В 1965 году движение авторской песни стало настолько массовым, что о нем задумалась «Литгазета». Социально-политические дискуссии в обществе были уже свернуты – остались литературные. Весь апрель и май «Литературка» спорила «о бардах и менестрелях»: в их рядах к тому времени были, кроме Окуджавы, еще легальный Галич, набиравший известность Высоцкий, продолжавший выступать Анчаров, вовсю сочинявший Ким (в этом году его песни попадут в климовские «Похождения зубного врача», после двухнедельного показа уложенные на полку за авангардизм), питерская плеяда, включавшая Городницкого, Кукина, Клячкина, Слепакову, Рубашкина – и, разумеется, Новелла Матвеева, автор первой в России пластинки авторских песен, вышедшей в 1964 году и трижды переизданной. Вахнюк, Визбор, Якушева, квартет Сергея Никитина, Туриянский, Коваль не издавались на пластинках, но и не запрещались – существовали в странном промежутке «самодеятельной песни», каковое название с 1959 года официально закрепилось за движением. Клубы КСП (сначала «студенческой», потом «самодеятельной» песни) действовали с начала шестидесятых по всей России. «Литературка» решила провести дискуссию и в апреле—мае уделяла ей немало места. Окуджава с самого начала оказался выведен из-под удара – в открывшей полемику статье Л. Переверзева «О современных „бардах“ и „менестрелях“» он назван патриархом жанра, отошедшим от концертной деятельности и почти не сочиняющим новых песен (это не так, но в 1964 году Окуджава в самом деле выступал сравнительно редко). Уже упоминавшийся композитор Дзержинский ответил резкой репликой о бардах, но ему возразили поэт Лев Ошанин и композитор Борис Мокроусов, чьей статьей «Победителя не судят» в номере от 27 мая дискуссия была закрыта.

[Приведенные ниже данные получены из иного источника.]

definition mixed :: "(bool \<Rightarrow> real) \<Rightarrow> bool" where
  "mixed \<sigma> \<longleftrightarrow> (\<forall>s. 0 \<le> \<sigma> s \<and> \<sigma> s \<le> 1)"

definition payoff1 :: "(bool \<Rightarrow> bool \<Rightarrow> bool \<Rightarrow> real) \<Rightarrow> real \<Rightarrow> (bool \<Rightarrow> real) \<Rightarrow> (bool \<Rightarrow> real) \<Rightarrow> real" where
  "payoff1 P c \<sigma>1 \<sigma>2 = (\<Sum>th\<in>UNIV. \<Sum>s1\<in>UNIV. \<Sum>s2\<in>UNIV.
      P th s1 s2 * \<sigma>1 s1 * ((if th then \<sigma>2 s2 else 0) - c))"

definition payoff2 :: "(bool \<Rightarrow> bool \<Rightarrow> bool \<Rightarrow> real) \<Rightarrow> real \<Rightarrow> (bool \<Rightarrow> real) \<Rightarrow> (bool \<Rightarrow> real) \<Rightarrow> real" where
  "payoff2 P c \<sigma>1 \<sigma>2 = (\<Sum>th\<in>UNIV. \<Sum>s1\<in>UNIV. \<Sum>s2\<in>UNIV.
      P th s1 s2 * \<sigma>2 s2 * ((if th then \<sigma>1 s1 else 0) - c))"

definition is_BNE :: "(bool \<Rightarrow> bool \<Rightarrow> bool \<Rightarrow> real) \<Rightarrow> real \<Rightarrow> (bool \<Rightarrow> real) \<Rightarrow> (bool \<Rightarrow> real) \<Rightarrow> bool" where
  "is_BNE P c \<sigma>1 \<sigma>2 \<longleftrightarrow> mixed \<sigma>1 \<and> mixed \<sigma>2 \<and>
     (\<forall>\<tau>. mixed \<tau> \<longrightarrow> payoff1 P c \<tau> \<sigma>2 \<le> payoff1 P c \<sigma>1 \<sigma>2) \<and>
     (\<forall>\<tau>. mixed \<tau> \<longrightarrow> payoff2 P c \<sigma>1 \<tau> \<le> payoff2 P c \<sigma>1 \<sigma>2)"

definition both_adopt :: "(bool \<Rightarrow> bool \<Rightarrow> bool \<Rightarrow> real) \<Rightarrow> (bool \<Rightarrow> real) \<Rightarrow> (bool \<Rightarrow> real) \<Rightarrow> real" where
  "both_adopt P \<sigma>1 \<sigma>2 = (\<Sum>th\<in>UNIV. \<Sum>s1\<in>UNIV. \<Sum>s2\<in>UNIV. P th s1 s2 * \<sigma>1 s1 * \<sigma>2 s2)"

end

theory Submission
  imports Defs
begin

text \<open>Under a deterministic seed with cost \<open>c\<close> slightly above \<open>1 - \<epsilon>\<close>, adoption unravels by
  iterated elimination: an uninformed agent never adopts, because the good state is too
  unlikely; hence the uninformed non-seeded agent never adopts either; hence the informed
  seeded agent, whose partner is then informed only with probability \<open>1 - \<epsilon>\<close>, earns at most
  \<open>(1 - \<epsilon>) - c < 0\<close> and never adopts; so nobody ever adopts together. Under random seeding an
  informed agent does not know whether she was the seed, so she expects her partner to be
  informed with probability \<open>2(1 - \<epsilon>)/(2 - \<epsilon>) > 1 - \<epsilon>\<close>, and for \<open>c\<close> below this threshold
  "adopt iff informed" is an equilibrium with joint adoption probability \<open>\<rho>(1 - \<epsilon>)\<^sup>2 > 0\<close>.\<close>

definition swap_agents :: "(bool \<Rightarrow> bool \<Rightarrow> bool \<Rightarrow> real) \<Rightarrow> bool \<Rightarrow> bool \<Rightarrow> bool \<Rightarrow> real" where
  "swap_agents P th s1 s2 = P th s2 s1"

text \<open>Agent 1's gain from adopting on signal \<open>s\<close>, weighted by the probability of \<open>s\<close>
  rather than conditioned on it; its sign is that of the interim gain.\<close>
definition adoption_gain :: "(bool \<Rightarrow> bool \<Rightarrow> bool \<Rightarrow> real) \<Rightarrow> real \<Rightarrow> (bool \<Rightarrow> real) \<Rightarrow> bool \<Rightarrow> real" where
  "adoption_gain P c \<sigma>2 s = (\<Sum>th\<in>UNIV. \<Sum>s2\<in>UNIV. P th s s2 * ((if th then \<sigma>2 s2 else 0) - c))"

definition best_response :: "(bool \<Rightarrow> bool \<Rightarrow> bool \<Rightarrow> real) \<Rightarrow> real \<Rightarrow> (bool \<Rightarrow> real) \<Rightarrow> (bool \<Rightarrow> real) \<Rightarrow> bool" where
  "best_response P c \<sigma>1 \<sigma>2 \<longleftrightarrow> mixed \<sigma>1 \<and> (\<forall>\<tau>. mixed \<tau> \<longrightarrow> payoff1 P c \<tau> \<sigma>2 \<le> payoff1 P c \<sigma>1 \<sigma>2)"

lemma payoff1_eq_adoption_gain:
  "payoff1 P c \<tau> \<sigma>2 = \<tau> True * adoption_gain P c \<sigma>2 True + \<tau> False * adoption_gain P c \<sigma>2 False"
  by (simp add: payoff1_def adoption_gain_def UNIV_bool algebra_simps)

lemma payoff1_fun_upd:
  "payoff1 P c (\<tau>(s := v)) \<sigma>2 = payoff1 P c \<tau> \<sigma>2 + (v - \<tau> s) * adoption_gain P c \<sigma>2 s"
  by (cases s) (simp_all add: payoff1_eq_adoption_gain algebra_simps)

lemma payoff2_eq_payoff1_swap: "payoff2 P c \<sigma>1 \<sigma>2 = payoff1 (swap_agents P) c \<sigma>2 \<sigma>1"
  by (simp add: payoff1_def payoff2_def swap_agents_def UNIV_bool algebra_simps)

lemma both_adopt_swap: "both_adopt (swap_agents P) \<sigma>2 \<sigma>1 = both_adopt P \<sigma>1 \<sigma>2"
  by (simp add: both_adopt_def swap_agents_def UNIV_bool algebra_simps)

lemma swap_agents_swap_agents [simp]: "swap_agents (swap_agents P) = P"
  by (simp add: swap_agents_def fun_eq_iff)

lemma is_BNE_iff_best_responses:
  "is_BNE P c \<sigma>1 \<sigma>2 \<longleftrightarrow> best_response P c \<sigma>1 \<sigma>2 \<and> best_response (swap_agents P) c \<sigma>2 \<sigma>1"
  by (auto simp: is_BNE_def best_response_def payoff2_eq_payoff1_swap)

lemma is_BNE_swap: "is_BNE (swap_agents P) c \<sigma>2 \<sigma>1 \<longleftrightarrow> is_BNE P c \<sigma>1 \<sigma>2"
  by (auto simp: is_BNE_iff_best_responses)

lemma best_response_iff_adoption_gain:
  "best_response P c \<sigma>1 \<sigma>2 \<longleftrightarrow> mixed \<sigma>1 \<and>
     (\<forall>s. (adoption_gain P c \<sigma>2 s < 0 \<longrightarrow> \<sigma>1 s = 0) \<and> (0 < adoption_gain P c \<sigma>2 s \<longrightarrow> \<sigma>1 s = 1))"
  (is "_ \<longleftrightarrow> mixed \<sigma>1 \<and> (\<forall>s. ?neg s \<and> ?pos s)")
proof
  assume br: "best_response P c \<sigma>1 \<sigma>2"
  hence m: "mixed \<sigma>1" by (simp add: best_response_def)
  have deviation: "(v - \<sigma>1 s) * adoption_gain P c \<sigma>2 s \<le> 0" if "0 \<le> v" "v \<le> 1" for s v
  proof -
    have "mixed (\<sigma>1(s := v))" using m that by (simp add: mixed_def)
    with br have "payoff1 P c (\<sigma>1(s := v)) \<sigma>2 \<le> payoff1 P c \<sigma>1 \<sigma>2"
      by (simp add: best_response_def)
    then show ?thesis by (simp add: payoff1_fun_upd)
  qed
  have "?neg s" for s
    using deviation[of 0 s] m by (auto simp: mixed_def zero_le_mult_iff intro: order.antisym)
  moreover have "?pos s" for s
    using deviation[of 1 s] m by (auto simp: mixed_def mult_le_0_iff intro: order.antisym)
  ultimately show "mixed \<sigma>1 \<and> (\<forall>s. ?neg s \<and> ?pos s)" using m by blast
next
  assume m: "mixed \<sigma>1 \<and> (\<forall>s. ?neg s \<and> ?pos s)"
  have "\<tau> s * adoption_gain P c \<sigma>2 s \<le> \<sigma>1 s * adoption_gain P c \<sigma>2 s" if "mixed \<tau>" for \<tau> s
    using m that unfolding mixed_def
    by (cases "adoption_gain P c \<sigma>2 s" "0::real" rule: linorder_cases)
       (auto simp: mult_nonneg_nonpos mult_left_le)
  then show "best_response P c \<sigma>1 \<sigma>2"
    using m by (simp add: best_response_def payoff1_eq_adoption_gain add_mono)
qed

lemma is_BNE_no_adoption_if_gain_neg:
  assumes "is_BNE P c \<sigma>1 \<sigma>2" and "adoption_gain P c \<sigma>2 s < 0"
  shows "\<sigma>1 s = 0"
  using assms by (simp add: is_BNE_iff_best_responses best_response_iff_adoption_gain)

lemma seed2_eq_swap_seed1: "seed2 \<rho> \<epsilon> = swap_agents (seed1 \<rho> \<epsilon>)"
  by (simp add: fun_eq_iff seed1_def seed2_def swap_agents_def)

lemma swap_random_seed: "swap_agents (random_seed \<rho> \<epsilon>) = random_seed \<rho> \<epsilon>"
  by (simp add: fun_eq_iff random_seed_def seed1_def seed2_def swap_agents_def)

lemma adoption_gain_seed1:
  "adoption_gain (seed1 \<rho> \<epsilon>) c \<sigma>2 s =
     (if s then \<rho> * ((1 - \<epsilon>)\<^sup>2 * (\<sigma>2 True - c) + (1 - \<epsilon>) * \<epsilon> * (\<sigma>2 False - c))
      else \<rho> * \<epsilon> * (\<sigma>2 False - c) - (1 - \<rho>) * c)"
  by (cases s) (simp_all add: adoption_gain_def seed1_def seed_dist_def UNIV_bool algebra_simps)

lemma adoption_gain_seed2:
  "adoption_gain (seed2 \<rho> \<epsilon>) c \<sigma>2 s =
     (if s then \<rho> * (1 - \<epsilon>)\<^sup>2 * (\<sigma>2 True - c)
      else \<rho> * (1 - \<epsilon>) * \<epsilon> * (\<sigma>2 True - c) + \<rho> * \<epsilon> * (\<sigma>2 False - c) - (1 - \<rho>) * c)"
  by (cases s) (simp_all add: adoption_gain_def seed2_def seed_dist_def UNIV_bool algebra_simps)

lemma adoption_gain_random_seed:
  "adoption_gain (random_seed \<rho> \<epsilon>) c \<sigma>2 s =
     (if s then \<rho> * ((1 - \<epsilon>)\<^sup>2 * (\<sigma>2 True - c) + (1 - \<epsilon>) * \<epsilon> / 2 * (\<sigma>2 False - c))
      else \<rho> * (1 - \<epsilon>) * \<epsilon> / 2 * (\<sigma>2 True - c) + \<rho> * \<epsilon> * (\<sigma>2 False - c) - (1 - \<rho>) * c)"
  by (cases s)
     (simp_all add: adoption_gain_def random_seed_def seed1_def seed2_def seed_dist_def
        UNIV_bool field_simps)

lemma both_adopt_random_seed_informed:
  "both_adopt (random_seed \<rho> \<epsilon>) of_bool of_bool = \<rho> * (1 - \<epsilon>)\<^sup>2"
  by (simp add: both_adopt_def random_seed_def seed1_def seed2_def seed_dist_def UNIV_bool)

lemma is_BNE_seed1_never_both_adopt:
  assumes "0 < \<rho>" "0 < \<epsilon>" "\<epsilon> < 1" "1 - \<epsilon> < c" "\<rho> * \<epsilon> < (1 - \<rho>) * c"
    and bne: "is_BNE (seed1 \<rho> \<epsilon>) c \<tau>1 \<tau>2"
  shows "both_adopt (seed1 \<rho> \<epsilon>) \<tau>1 \<tau>2 = 0"
proof -
  have bne2: "is_BNE (seed2 \<rho> \<epsilon>) c \<tau>2 \<tau>1"
    using bne by (simp add: seed2_eq_swap_seed1 is_BNE_swap)
  have le1: "\<tau>1 s \<le> 1" "\<tau>2 s \<le> 1" for s
    using bne by (simp_all add: is_BNE_def mixed_def)
  have "0 < c" using assms by linarith
  then have cost_nonneg: "0 \<le> \<rho> * \<epsilon> * c" using assms by simp
  have "\<tau>2 False - c \<le> 1" using assms le1[of False] by linarith
  then have "\<rho> * \<epsilon> * (\<tau>2 False - c) \<le> \<rho> * \<epsilon>"
    by (rule mult_left_le) (use assms in simp)
  then have "adoption_gain (seed1 \<rho> \<epsilon>) c \<tau>2 False < 0"
    using assms by (simp only: adoption_gain_seed1 if_False)
  then have uninformed_1: "\<tau>1 False = 0"
    by (rule is_BNE_no_adoption_if_gain_neg[OF bne])
  have "(1 - \<epsilon>) * (\<tau>1 True - c) \<le> 1 - \<epsilon>"
    using assms le1[of True] by (intro mult_left_le) auto
  then have "(1 - \<epsilon>) * (\<tau>1 True - c) \<le> 1"
    using assms by linarith
  then have "\<rho> * \<epsilon> * ((1 - \<epsilon>) * (\<tau>1 True - c)) \<le> \<rho> * \<epsilon>"
    by (rule mult_left_le) (use assms in simp)
  moreover have "adoption_gain (seed2 \<rho> \<epsilon>) c \<tau>1 False =
      \<rho> * \<epsilon> * ((1 - \<epsilon>) * (\<tau>1 True - c)) - \<rho> * \<epsilon> * c - (1 - \<rho>) * c"
    using uninformed_1 by (simp add: adoption_gain_seed2 algebra_simps)
  ultimately have "adoption_gain (seed2 \<rho> \<epsilon>) c \<tau>1 False < 0"
    using assms cost_nonneg by linarith
  then have uninformed_2: "\<tau>2 False = 0"
    by (rule is_BNE_no_adoption_if_gain_neg[OF bne2])
  have "(1 - \<epsilon>)\<^sup>2 * (\<tau>2 True - c) \<le> (1 - \<epsilon>)\<^sup>2 * (1 - c)"
    using le1 by (intro mult_left_mono) auto
  then have "(1 - \<epsilon>)\<^sup>2 * (\<tau>2 True - c) - (1 - \<epsilon>) * \<epsilon> * c \<le> (1 - \<epsilon>) * ((1 - \<epsilon>) - c)"
    by (simp add: power2_eq_square algebra_simps)
  also have "\<dots> < 0"
    using assms by (simp add: mult_pos_neg)
  finally have "adoption_gain (seed1 \<rho> \<epsilon>) c \<tau>2 True < 0"
    using assms uninformed_2 by (simp add: adoption_gain_seed1 mult_pos_neg)
  then have informed_1: "\<tau>1 True = 0"
    by (rule is_BNE_no_adoption_if_gain_neg[OF bne])
  have "\<tau>1 = (\<lambda>_. 0)"
    using uninformed_1 informed_1 by (auto simp: fun_eq_iff intro: bool.induct)
  then show ?thesis by (simp add: both_adopt_def)
qed

lemma is_BNE_random_seed_informed:
  assumes "0 \<le> \<rho>" "0 \<le> \<epsilon>" "\<epsilon> \<le> 1" "0 \<le> c" "c * (2 - \<epsilon>) \<le> 2 * (1 - \<epsilon>)"
    and "\<rho> * \<epsilon> \<le> (1 - \<rho>) * c"
  shows "is_BNE (random_seed \<rho> \<epsilon>) c of_bool of_bool"
proof -
  have "(1 - \<epsilon>)\<^sup>2 * (1 - c) - (1 - \<epsilon>) * \<epsilon> / 2 * c = (1 - \<epsilon>) / 2 * (2 * (1 - \<epsilon>) - c * (2 - \<epsilon>))"
    by (simp add: power2_eq_square field_simps)
  also have "\<dots> \<ge> 0"
    using assms by simp
  finally have informed: "0 \<le> adoption_gain (random_seed \<rho> \<epsilon>) c of_bool True"
    using assms by (simp add: adoption_gain_random_seed)
  have "(1 - \<epsilon>) * (1 - c) \<le> 1 - \<epsilon>"
    using assms by (intro mult_left_le) auto
  then have "(1 - \<epsilon>) / 2 * (1 - c) \<le> 1"
    using assms by simp
  then have "\<rho> * \<epsilon> * ((1 - \<epsilon>) / 2 * (1 - c)) \<le> \<rho> * \<epsilon>"
    by (rule mult_left_le) (use assms in simp)
  moreover have "adoption_gain (random_seed \<rho> \<epsilon>) c of_bool False =
      \<rho> * \<epsilon> * ((1 - \<epsilon>) / 2 * (1 - c)) - \<rho> * \<epsilon> * c - (1 - \<rho>) * c"
    by (simp add: adoption_gain_random_seed algebra_simps)
  moreover have "0 \<le> \<rho> * \<epsilon> * c" using assms by simp
  ultimately have uninformed: "adoption_gain (random_seed \<rho> \<epsilon>) c of_bool False \<le> 0"
    using assms by linarith
  have "best_response (random_seed \<rho> \<epsilon>) c of_bool of_bool"
    using informed uninformed by (simp add: best_response_iff_adoption_gain mixed_def all_bool_eq)
  then show ?thesis
    by (simp add: is_BNE_iff_best_responses swap_random_seed)
qed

Весной 1965 года Окуджава участвует в жюри Первого ленинградского конкурса авторской песни в Доме культуры имени Кирова на Васильевском острове (и знакомится в этом жюри с Александром Городницким, чьи песни тогда оценивает скептически, но впоследствии проникается к нему расположением). Отзывы его о собратьях по гитаре, как можно бы их назвать по аналогии с собратьями по перу, ровны и доброжелательны: на концертах часто спрашивают, кого он выделяет. Он неизменно называет Новеллу Матвееву, Александра Галича (упоминая его и после фактического запрета на его песни – сложность взаимоотношений и разность темпераментов его никогда не останавливала), Владимира Высоцкого. На вопрос об отношении к Высоцкому, заданный на концерте в МВТУ в 1968 году, отвечает: «С большим интересом отношусь к творчеству этого молодого человека». Повторял эту формулировку не раз. Год спустя называет его в числе любимых бардов. Позднее к этой тройке прибавляется Юлий Ким, к которому у Окуджавы было совершенно особое, почти отеческое, отношение, несмотря на всего-то двенадцатилетнюю разницу в возрасте. Высоцкий был для него слишком пестр и разнообразен, и многого он в нем не принимал («его слишком много») – хотя относился к его поэтическому и артистическому таланту с неизменной любовью; Новелла Матвеева живет замкнуто, и общение с ней было в основном заочным – чтение книг, обмен посвящениями. С Кимом Окуджава общался часто и дружески. Он уважал его диссидентскую активность, его любовь к учительской профессии (Окуджава не чувствовал влечения к педагогике и без восторга вспоминал этот опыт, но высоко ценил подвижников этого дела), его свободное и веселое плавание по волнам отечественной словесности, его театральность, щедрость, стилизаторский дар, но более всего ценил, кажется, гейневское сочетание язвительности и лиризма, трагедии и насмешки. Кимовская ирония не отменяет строгого морального императива – она лишь не позволяет лирическому герою становиться на котурны. И, конечно, Ким – один из самых культурных российских поэтов второй половины века: мало кто знает русскую историю и поэзию так, как он. Окуджава чувствовал в нем своего – книжника, самоучку, влюбленного в золотой XIX век; из всех бардов Ким удостоился наибольшего числа посвящений.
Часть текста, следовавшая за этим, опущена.